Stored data
++++++++++++++++++++
(* Let $a>0$, $\mu=p/q\in(0,1)$ with $p,q$ coprime, and consider $u_t+au_x=0$ on the periodic domain $[0,1)$ with 1-periodic initial function $u_0\in C^0([0,1])$. For each $m\in\mathbb{N}$ with $N=\frac{1}{\mu h}\in\mathbb{N}$, $h=1/m$, choose $\delta=\delta(h)$ with $0<\delta<h/q$, and initialize the nonlinear jet scheme by $$\phi_j^0=\hat\phi_j+\frac{\hat\phi_{j+1}-\hat\phi_j}{h}\,\delta,\qquad \psi_j^0=\frac{\hat\phi_{j+1}-\hat\phi_j}{h},\qquad \hat\phi_j=u_0(x_j),$$ (indices mod $m$), i.e. $\phi_j^0=I(x_j+\delta)$, $\psi_j^0=I'(x_j+\delta)$ where $I$ is the continuous periodic piecewise linear interpolant of the data $(x_j,\hat\phi_j)$. Let $\boldsymbol U^{h,t_n}$ be the state after $n$ jet scheme steps ($t_n=n\Delta t$, $\Delta t=\mu h/a$), and let $\varepsilon^{h,t_n}=\|\mathcal{I}(\boldsymbol U^{h,t_n})-u(\cdot,t_n)\|_{L^1([0,1])}$, where $u(x,t_n)=u_0(x-at_n \bmod 1)$. Then $\mathcal{I}(\boldsymbol U^{h,0})(x)=I(x+\delta)$, for all $n$ one has $\mathcal{I}(\boldsymbol U^{h,t_n})(x)=\mathcal{I}(\boldsymbol U^{h,0})(x-n\mu h\bmod 1)$, and $$\sup_{n\ge0}\varepsilon^{h,t_n}\le \omega(u_0,h)+\omega(u_0,\delta).$$ Consequently the scheme has the commuting limits property $$\lim_{h\to0}\limsup_{n\to\infty}\varepsilon^{h,t_n}=0=\limsup_{n\to\infty}\lim_{h\to0}\varepsilon^{h,t_n}.$$
   Context: Grid $x_j=jh$, $j=1,\dots,m$, on the periodic domain. State vector $\boldsymbol U=(\phi_1,\psi_1,\dots,\phi_m,\psi_m)\in\mathbb{R}^{2m}$. Nonlinear jet scheme interpolant $\mathcal{I}(\boldsymbol U)$: on each cell $[x_j,x_{j+1}]$ let $L_L(x)=\phi_j+\psi_j(x-x_j)$, $L_R(x)=\phi_{j+1}+\psi_{j+1}(x-x_{j+1})$; if $\psi_j\ne\psi_{j+1}$ and their intersection point $x_k$ lies in $(x_j,x_{j+1})$, set $\mathcal{I}(\boldsymbol U)=L_L$ on $[x_j,x_k]$ and $=L_R$ on $(x_k,x_{j+1}]$; otherwise use the linear interpolant $\phi_j+\frac{\phi_{j+1}-\phi_j}{h}(x-x_j)$ on the cell. One jet scheme step: $\boldsymbol U\mapsto\mathcal{E}(\mathcal{A}\,\mathcal{I}(\boldsymbol U))$, where $\mathcal{A}f(x)=f(x-\mu h)$ is the periodic shift by $a\Delta t$ and $\mathcal{E}f=(f(x_1),f'(x_1),\dots,f(x_m),f'(x_m))$ with left-sided derivatives taken at kinks; equivalently, $\phi_j^{n+1}=P(x_j-\mu h)$, $\psi_j^{n+1}=P'(x_j-\mu h)$ with $P=\mathcal{I}(\boldsymbol U^{h,t_n})$. The modulus of continuity is $\omega(u_0,r)=\sup\{|u_0(x)-u_0(y)|:x,y\in[0,1],\ |x-y|<r\}$. The commuting-limits identity is understood with $h=1/m$ ranging over those $m$ for which $N\in\mathbb{N}$, and exact arithmetic is assumed. *)

theory Defs
  imports "HOL-Analysis.Analysis"
begin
++++++++++++++++++++
Task item: Set down the data above once more so that nothing differs from the original.

Your solution:
(* Let $a>0$, $\mu=p/q\in(0,1)$ with $p,q$ coprime, and consider $u_t+au_x=0$ on the periodic domain $[0,1)$ with 1-periodic initial function $u_0\in C^0([0,1])$. For each $m\in\mathbb{N}$ with $N=\frac{1}{\mu h}\in\mathbb{N}$, $h=1/m$, choose $\delta=\delta(h)$ with $0<\delta<h/q$, and initialize the nonlinear jet scheme by $$\phi_j^0=\hat\phi_j+\frac{\hat\phi_{j+1}-\hat\phi_j}{h}\,\delta,\qquad \psi_j^0=\frac{\hat\phi_{j+1}-\hat\phi_j}{h},\qquad \hat\phi_j=u_0(x_j),$$ (indices mod $m$), i.e. $\phi_j^0=I(x_j+\delta)$, $\psi_j^0=I'(x_j+\delta)$ where $I$ is the continuous periodic piecewise linear interpolant of the data $(x_j,\hat\phi_j)$. Let $\boldsymbol U^{h,t_n}$ be the state after $n$ jet scheme steps ($t_n=n\Delta t$, $\Delta t=\mu h/a$), and let $\varepsilon^{h,t_n}=\|\mathcal{I}(\boldsymbol U^{h,t_n})-u(\cdot,t_n)\|_{L^1([0,1])}$, where $u(x,t_n)=u_0(x-at_n \bmod 1)$. Then $\mathcal{I}(\boldsymbol U^{h,0})(x)=I(x+\delta)$, for all $n$ one has $\mathcal{I}(\boldsymbol U^{h,t_n})(x)=\mathcal{I}(\boldsymbol U^{h,0})(x-n\mu h\bmod 1)$, and $$\sup_{n\ge0}\varepsilon^{h,t_n}\le \omega(u_0,h)+\omega(u_0,\delta).$$ Consequently the scheme has the commuting limits property $$\lim_{h\to0}\limsup_{n\to\infty}\varepsilon^{h,t_n}=0=\limsup_{n\to\infty}\lim_{h\to0}\varepsilon^{h,t_n}.$$
   Context: Grid $x_j=jh$, $j=1,\dots,m$, on the periodic domain. State vector $\boldsymbol U=(\phi_1,\psi_1,\dots,\phi_m,\psi_m)\in\mathbb{R}^{2m}$. Nonlinear jet scheme interpolant $\mathcal{I}(\boldsymbol U)$: on each cell $[x_j,x_{j+1}]$ let $L_L(x)=\phi_j+\psi_j(x-x_j)$, $L_R(x)=\phi_{j+1}+\psi_{j+1}(x-x_{j+1})$; if $\psi_j\ne\psi_{j+1}$ and their intersection point $x_k$ lies in $(x_j,x_{j+1})$, set $\mathcal{I}(\boldsymbol U)=L_L$ on $[x_j,x_k]$ and $=L_R$ on $(x_k,x_{j+1}]$; otherwise use the linear interpolant $\phi_j+\frac{\phi_{j+1}-\phi_j}{h}(x-x_j)$ on the cell. One jet scheme step: $\boldsymbol U\mapsto\mathcal{E}(\mathcal{A}\,\mathcal{I}(\boldsymbol U))$, where $\mathcal{A}f(x)=f(x-\mu h)$ is the periodic shift by $a\Delta t$ and $\mathcal{E}f=(f(x_1),f'(x_1),\dots,f(x_m),f'(x_m))$ with left-sided derivatives taken at kinks; equivalently, $\phi_j^{n+1}=P(x_j-\mu h)$, $\psi_j^{n+1}=P'(x_j-\mu h)$ with $P=\mathcal{I}(\boldsymbol U^{h,t_n})$. The modulus of continuity is $\omega(u_0,r)=\sup\{|u_0(x)-u_0(y)|:x,y\in[0,1],\ |x-y|<r\}$. The commuting-limits identity is understood with $h=1/m$ ranging over those $m$ for which $N\in\mathbb{N}$, and exact arithmetic is assumed. *)

theory Defs
  imports "HOL-Analysis.Analysis"
begin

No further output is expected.